TOPICS #10: Sales Promotion & Publicity {return to syllabus}
  1. What is meant by the distinction between sales promotion moving the product toward the consumer while advertising moves the consumer toward the product and how does this distinction help guide determining the "value" of a planned sales promotions effort?
  2. How does a publicist measure his or her effectiveness in the job and how is this comparable to advertising time or space buyers' reach estimates?
  3. What determines if communications strategy can make use of publicity as an effective sales tool? Explain.
  4. Why do many public relations specialists consider their job to mostly involve publicity control and why are they wrong?
TOPIC #11: Research--Measuring Effects & Effectiveness {return to syllabus}
  1. Commercial A copytested slightly better than copytest B, but the creative director believes that, unlike A, the animatics do not give a good representation of what commercial B would look like after final and production. What research terminology explains what she is saying about the copytest? How would you choose which commercial to produce and use in the campaign?
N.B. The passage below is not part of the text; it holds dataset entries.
(* If a Hermitian manifold $(M^n,g)$ is Kähler-like, then its torsion $1$-form $\eta$ is holomorphic (i.e. $\overline\partial\eta=0$). Conversely, if $n=2$ and $\eta$ is holomorphic, then $g$ is Kähler-like.
   Context: $(M^n,g)$ is a Hermitian manifold; $\langle\cdot,\cdot\rangle$ is $g$ extended complex-bilinearly. $\nabla^h$ is the Chern connection (unique connection with $\nabla^hg=0$, $\nabla^hJ=0$ and torsion with vanishing $(1,1)$-part), $R^h(X,Y)Z=\nabla^h_X\nabla^h_YZ-\nabla^h_Y\nabla^h_XZ-\nabla^h_{[X,Y]}Z$, $R^h_{XYZW}=\langle R^h(X,Y)Z,W\rangle$ extended complex-multilinearly. For a local unitary frame $e={}^t(e_1,\dots,e_n)$ of $T^{1,0}M$ ($\langle e_i,\overline{e_j}\rangle=\delta_{ij}$) with dual coframe $\varphi$, write $\nabla^he=\theta e$, define $\tau$ by $d\varphi=-{}^t\theta\wedge\varphi+\tau$ and $\tau_i=\sum_{j,k}T^i_{jk}\varphi_j\wedge\varphi_k$ with $T^i_{jk}=-T^i_{kj}$. The torsion $1$-form is $\eta=\sum_{i,j}T^i_{ij}\varphi_j$ (a globally defined $(1,0)$-form). The metric $g$ is called Kähler-like if $R^h_{X\overline YZ\overline W}=R^h_{Z\overline YX\overline W}$ for all type $(1,0)$ tangent vectors $X,Y,Z,W$. *)

theory Defs
  imports "HOL-Analysis.Analysis"
begin

text \<open>Local (coordinate chart) model of a Hermitian manifold: an open set U of
  complex^'n with holomorphic coordinates z_i = x_i + i y_i, and the metric given by
  the matrix G p i j = g(d/dz_i, d/dzbar_j) at p.\<close>

definition dirderiv :: "complex^'n \<Rightarrow> (complex^'n \<Rightarrow> complex) \<Rightarrow> complex^'n \<Rightarrow> complex" where
  "dirderiv v f p = vector_derivative (\<lambda>t::real. f (p + t *\<^sub>R v)) (at 0)"

definition coord_dirs :: "(complex^'n) set" where
  "coord_dirs = {axis i 1 | i. True} \<union> {axis i \<i> | i. True}"

fun iter_dir :: "(complex^'n) list \<Rightarrow> (complex^'n \<Rightarrow> complex) \<Rightarrow> complex^'n \<Rightarrow> complex" where
  "iter_dir [] f = f"
| "iter_dir (v # vs) f = dirderiv v (iter_dir vs f)"

definition smooth_on :: "(complex^'n) set \<Rightarrow> (complex^'n \<Rightarrow> complex) \<Rightarrow> bool" where
  "smooth_on U f \<longleftrightarrow>
     (\<forall>vs. set vs \<subseteq> coord_dirs \<longrightarrow>
        continuous_on U (iter_dir vs f) \<and>
        (\<forall>v\<in>coord_dirs. \<forall>p\<in>U.
           ((\<lambda>t::real. iter_dir vs f (p + t *\<^sub>R v)) has_vector_derivative iter_dir (v # vs) f p) (at 0)))"

definition wirt :: "'n \<Rightarrow> (complex^'n \<Rightarrow> complex) \<Rightarrow> complex^'n \<Rightarrow> complex" where
  "wirt i f p = (dirderiv (axis i 1) f p - \<i> * dirderiv (axis i \<i>) f p) / 2"

definition wirtbar :: "'n \<Rightarrow> (complex^'n \<Rightarrow> complex) \<Rightarrow> complex^'n \<Rightarrow> complex" where
  "wirtbar i f p = (dirderiv (axis i 1) f p + \<i> * dirderiv (axis i \<i>) f p) / 2"

definition hermitian_metric :: "(complex^'n) set \<Rightarrow> (complex^'n \<Rightarrow> 'n \<Rightarrow> 'n \<Rightarrow> complex) \<Rightarrow> bool" where
  "hermitian_metric U G \<longleftrightarrow>
     (\<forall>i j. smooth_on U (\<lambda>p. G p i j)) \<and>
     (\<forall>p\<in>U. \<forall>i j. G p j i = cnj (G p i j)) \<and>
     (\<forall>p\<in>U. \<forall>\<xi>::complex^'n. \<xi> \<noteq> 0 \<longrightarrow>
        Re (\<Sum>i\<in>UNIV. \<Sum>j\<in>UNIV. G p i j * \<xi> $ i * cnj (\<xi> $ j)) > 0)"

text \<open>Inverse metric: Ginv G p l k = h^{bar l k}, i.e. sum_l G p j l * Ginv G p l k = delta_jk.\<close>
definition Ginv :: "(complex^'n \<Rightarrow> 'n \<Rightarrow> 'n \<Rightarrow> complex) \<Rightarrow> complex^'n \<Rightarrow> 'n \<Rightarrow> 'n \<Rightarrow> complex" where
  "Ginv G p l k = (matrix_inv (\<chi> a b. G p a b)) $ l $ k"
  2. Weilbacher ("The Enigma of Copytesting" electronic handout) describes a common basis for selecting a copytest method that he also says does not have them always selecting the method which would provide the most important information for decisions.  How did he say they usually select the research approach for copytesting, (from his comments and, more broadly, from class and lecture supplements), what should be the basis for choosing the research methodology used to ascertain potential effectiveness for any particular marketing communications effort, and why might a research method chosen in this fashion provide a valid reason for creative people to ask that resulting data be ignored?
  3. While he concedes that there is a common basis for selecting a research method for copytesting might be an exhibition of  industry wisdom, yet he immediately notes from industry practice that disproves this as a possibility. What would show industry-wide wisdom and what reality illustrates that it does not exist?
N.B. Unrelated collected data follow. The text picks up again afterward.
lemma lclm_order_le:
  fixes Ls :: "'a::field poly poly list"
  assumes lclm: "is_lclm Ls L" and "Ls \<noteq> []" and nz: "\<forall>Li\<in>set Ls. Li \<noteq> 0"
  shows "degree L \<le> (\<Sum>i<length Ls. degree (Ls ! i))"
proof -
  define s where "s = (\<Sum>i<length Ls. degree (Ls ! i))"
  define d where "d = Max (degx ` set Ls)"
  have ord: "\<forall>Li\<in>set Ls. degree Li \<le> s"
    unfolding s_def by (auto simp: in_set_conv_nth intro: member_le_sum)
  have degx: "\<forall>Li\<in>set Ls. degx Li \<le> d" unfolding d_def by simp
  have "card (cofactor_equations Ls s) < card (cofactor_unknowns Ls s)"
    using card_cofactor_unknowns_add[OF ord] card_cofactor_equations[OF \<open>Ls \<noteq> []\<close>, of s]
      \<open>Ls \<noteq> []\<close>
    by (cases "length Ls") (simp_all add: s_def algebra_simps)
  with degree_cofactor_matrix_le[OF degx] obtain v where v: "\<exists>c\<in>cofactor_unknowns Ls s. v c \<noteq> 0"
    "\<forall>c. degree (v c) \<le> d * (card (cofactor_unknowns Ls s) - 1)"
    "\<forall>row\<in>cofactor_equations Ls s.
       (\<Sum>col\<in>cofactor_unknowns Ls s. cofactor_matrix Ls row col * v col) = 0"
    by (elim bounded_polynomial_solution[OF finite_cofactor_equations finite_cofactor_unknowns])
  then obtain L' where "L' \<noteq> 0" "degree L' \<le> s" "common_left_multiple Ls (fract_poly L')"
    by (elim common_left_multiple_of_solution[OF nz \<open>Ls \<noteq> []\<close> ord degx])
  then show ?thesis
    using is_lclmD(3)[OF lclm, of "fract_poly L'"] unfolding s_def by simp
qed

lemma lclm_degx_le:
  fixes Ls :: "'a::field poly poly list"
  assumes lclm: "is_lclm Ls L" and "Ls \<noteq> []" and nz: "\<forall>Li\<in>set Ls. Li \<noteq> 0"
    and degx: "\<forall>Li\<in>set Ls. degx Li \<le> d"
  shows "degx L \<le> d * card (cofactor_unknowns Ls (degree L))"
proof -
  obtain Q where Q: "\<And>i. i < length Ls \<Longrightarrow> fract_poly L = omult fderiv (Q i) (fract_poly (Ls ! i))"
    and Q0: "\<And>i. i < length Ls \<Longrightarrow> Q i \<noteq> 0"
    and Q_deg: "\<And>i. i < length Ls \<Longrightarrow> degree (Q i) = degree L - degree (Ls ! i)"
    and ord: "\<forall>Li\<in>set Ls. degree Li \<le> degree L"
    by (rule lclm_cofactors[OF lclm nz], rule that)
  define m where "m = degree L"
  define N where "N = card (cofactor_unknowns Ls m)"
  note Q_deg = Q_deg[folded m_def] and ord = ord[folded m_def]
  have "0 < length Ls" using \<open>Ls \<noteq> []\<close> by simp
  text \<open>The top coefficient of \<open>Q\<^sub>0\<close> is a nonzero entry of the rational solution.\<close>
  define j0 where "j0 = (0::nat, m - degree (Ls ! 0))"
  have j0: "j0 \<in> cofactor_unknowns Ls m" "(\<lambda>(i, e). coeff (Q i) e) j0 \<noteq> 0"
    using \<open>0 < length Ls\<close> Q0 Q_deg[symmetric]
    by (simp_all add: j0_def cofactor_unknowns_def)
  have "degree (Q i) \<le> m - degree (Ls ! i)" if "i < length Ls" for i
    using Q_deg[OF that] by simp
  with Q have "\<forall>row\<in>cofactor_equations Ls m. (\<Sum>col\<in>cofactor_unknowns Ls m.
          to_fract (cofactor_matrix Ls row col) * (\<lambda>(i, e). coeff (Q i) e) col) = 0"
    by (rule fract_solution_of_cofactors)
  with degree_cofactor_matrix_le[OF degx] obtain v where "\<exists>c\<in>cofactor_unknowns Ls m. v c \<noteq> 0"
    "\<forall>c. degree (v c) \<le> d * (N - 1)"
    "\<forall>row\<in>cofactor_equations Ls m.
       (\<Sum>col\<in>cofactor_unknowns Ls m. cofactor_matrix Ls row col * v col) = 0"
    unfolding N_def
    by (elim polynomial_solution_of_fract_solution[where w="\<lambda>(i, e). coeff (Q i) e",
          OF finite_cofactor_equations finite_cofactor_unknowns j0])
  then obtain L' where L': "L' \<noteq> 0" "degree L' \<le> m" "common_left_multiple Ls (fract_poly L')"
    "degx L' \<le> d + d * (N - 1)"
    by (elim common_left_multiple_of_solution[OF nz \<open>Ls \<noteq> []\<close> ord degx])
  have "degx L \<le> degx L'" using is_lclm_degx_le[OF lclm L'(3,1)] L'(2) unfolding m_def .
  also have "\<dots> \<le> d * N"
  proof -
    have "N \<noteq> 0" using j0(1) by (auto simp: N_def)
    then show ?thesis using L'(4) by (cases N) simp_all
  qed
  finally show ?thesis by (simp add: N_def m_def)
qed

theorem theorem4:
  fixes Ls :: "'a::field poly poly list" and L :: "'a poly poly"
  assumes "Ls \<noteq> []"
    and "\<forall>Li\<in>set Ls. Li \<noteq> 0"
    and "is_lclm Ls L"
  shows "degx L \<le> Max (degx ` set Ls) *
           (length Ls * ((\<Sum>Li\<leftarrow>Ls. degree Li) + 1) - (\<Sum>Li\<leftarrow>Ls. degree Li))"
proof -
  define s where "s = (\<Sum>Li\<leftarrow>Ls. degree Li)"
  have s: "s = (\<Sum>i<length Ls. degree (Ls ! i))"
    unfolding s_def by (simp add: sum_list_sum_nth atLeast0LessThan)
  have "degree L \<le> s" using lclm_order_le[OF assms(3,1,2)] s by simp
  have ord: "\<forall>Li\<in>set Ls. degree Li \<le> s"
    unfolding s_def by (simp add: member_le_sum_list)
  have "degx L \<le> Max (degx ` set Ls) * card (cofactor_unknowns Ls (degree L))"
    using lclm_degx_le[OF assms(3,1,2)] by simp
  also have "card (cofactor_unknowns Ls (degree L)) \<le> card (cofactor_unknowns Ls s)"
    unfolding card_cofactor_unknowns using \<open>degree L \<le> s\<close> by (intro sum_mono) simp
  also have "\<dots> = length Ls * (s + 1) - s"
    using card_cofactor_unknowns_add[OF ord] s by simp
  finally show ?thesis unfolding s_def by simp
qed

end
  4. Discuss a proper use (and limitations) of the following devices:  How or when are (or are not) devices such GSR meter; brain-wave meter; eye-movement camera valid measures of advertising effects and effectiveness?
  5. What is the difference between media reach numbers and a "noted" or "seen associated" score?
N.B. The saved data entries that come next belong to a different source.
lemma edge_ratio_ef_op:
  assumes T: "tetrahedron_of_flags v eta"
    and ijkl: "i \<in> idx" "j \<in> idx" "k \<in> idx" "l \<in> idx" "distinct [i, j, k, l]"
  shows "edge_ratio v eta (ef_op (i, j, k, l)) =
    edge_ratio v eta (i, j, k, l) * triple_ratio v eta (i, j, k, l) * triple_ratio v eta (i, l, j, k)"
proof -
  define a where "a x y = ev (eta x) (v y)" for x y
  define K where "K = a i k * a j l * a i j * a j k * a i l * a j i"
  have "K \<noteq> 0"
    using ijkl tetrahedron_of_flags_pairing[OF T] by (auto simp: K_def a_def)
  have "edge_ratio v eta (i, j, k, l) * triple_ratio v eta (i, j, k, l) * triple_ratio v eta (i, l, j, k) =
      (a i k * a j l * (a i j * a j k * a k i) * (a i l * a l j * a j i)) /
      (a i l * a j k * (a i k * a j i * a k j) * (a i j * a l i * a j l))"
    by (simp add: edge_ratio_def triple_ratio_def a_def times_divide_times_eq)
  also have "\<dots> = (K * (a k i * a l j)) / (K * (a k j * a l i))"
    by (simp add: K_def ac_simps)
  also have "\<dots> = edge_ratio v eta (ef_op (i, j, k, l))"
    using \<open>K \<noteq> 0\<close> by (simp add: edge_ratio_def ef_op_def a_def mult.commute)
  finally show ?thesis ..
qed

lemma positive_pairwise_products_one:
  fixes x y z :: real
  assumes "0 < x" "0 < y" "0 < z" "x * y = 1" "y * z = 1" "z * x = 1"
  shows "x = 1" "y = 1" "z = 1"
proof -
  have "y = z"
    using assms(1,4,6) by (metis mult.commute mult_left_cancel less_irrefl)
  then have "(y - 1) * (y + 1) = 0"
    using assms(5) by (simp add: algebra_simps)
  then have "y = 1"
    using assms(2) by simp
  then show "x = 1" "y = 1" "z = 1"
    using assms(4) \<open>y = z\<close> by simp_all
qed

lemma base_edge_ratios_imp_triple_ratios:
  assumes T: "tetrahedron_of_flags v eta"
    and e: "edge_ratio v eta (1, 2, 3, 4) = edge_ratio v eta (ef_op (1, 2, 3, 4))"
      "edge_ratio v eta (1, 3, 4, 2) = edge_ratio v eta (ef_op (1, 3, 4, 2))"
      "edge_ratio v eta (1, 4, 2, 3) = edge_ratio v eta (ef_op (1, 4, 2, 3))"
  shows "triple_ratio v eta (1, 2, 3, 4) = 1" "triple_ratio v eta (1, 3, 4, 2) = 1"
    "triple_ratio v eta (1, 4, 2, 3) = 1"
proof -
  have I: "1 \<in> idx" "2 \<in> idx" "3 \<in> idx" "4 \<in> idx"
    by (simp_all add: idx_def)
  have nz: "edge_ratio v eta (i, j, k, l) \<noteq> 0" if "i \<in> idx" "j \<in> idx" "k \<in> idx" "l \<in> idx"
    "distinct [i, j, k, l]" for i j k l
    using that tetrahedron_of_flags_pairing[OF T] by (simp add: edge_ratio_def)
  have "triple_ratio v eta (1, 2, 3, 4) * triple_ratio v eta (1, 4, 2, 3) = 1"
    "triple_ratio v eta (1, 3, 4, 2) * triple_ratio v eta (1, 2, 3, 4) = 1"
    "triple_ratio v eta (1, 4, 2, 3) * triple_ratio v eta (1, 3, 4, 2) = 1"
    using e edge_ratio_ef_op[OF T I(1,2,3,4)] edge_ratio_ef_op[OF T I(1,3,4,2)]
      edge_ratio_ef_op[OF T I(1,4,2,3)] nz[OF I(1,2,3,4)] nz[OF I(1,3,4,2)] nz[OF I(1,4,2,3)]
    by (simp_all add: mult.assoc)
  moreover have "0 < triple_ratio v eta (1, 2, 3, 4)" "0 < triple_ratio v eta (1, 3, 4, 2)"
    "0 < triple_ratio v eta (1, 4, 2, 3)"
    by (simp_all add: triple_ratio_pos[OF T] idx_def)
  ultimately show "triple_ratio v eta (1, 2, 3, 4) = 1" "triple_ratio v eta (1, 3, 4, 2) = 1"
    "triple_ratio v eta (1, 4, 2, 3) = 1"
    using positive_pairwise_products_one by metis+
qed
TOPIC #12: Government Regulation & Business Self-RegulationAdventures in Misplaced Marketing {return to syllabus}
  1. As the economy hit the skids in 2008, the housing bubble popped and financial markets imploded, former Federal Reserve Board chair Alan Greenspan went before Congress to apologize. As an advocate of blanket and deregulation of financial businesses of the prior two decades, he was "surprised" that competition and self-regulation were inadequate to prevent financial product businesses from acting improperly. Why should he not have been surprised? What is power of self-regulation when government regulation does not exist?
  2. Your advertising campaign is ready for launch. The NAD has contacted you with a complaint that your ads are deceptive. You reply that the claims in question are adequately substantiated, but the NAD does not accept your arguments. What are your options and how do you evaluate them?
  3. Your new national advertising campaign that is planning on heavy use of television is ready for launch. However, CBS has decided that they will not run your commercial because they consider it deceptive, even though there isn't the slightest indication from your legal staff that the ads would run afoul of the FTC. You show all of your substantiation to the Standards and Practices Vice-President, but that person does not consider it adequate. What are your options and how do you evaluate them?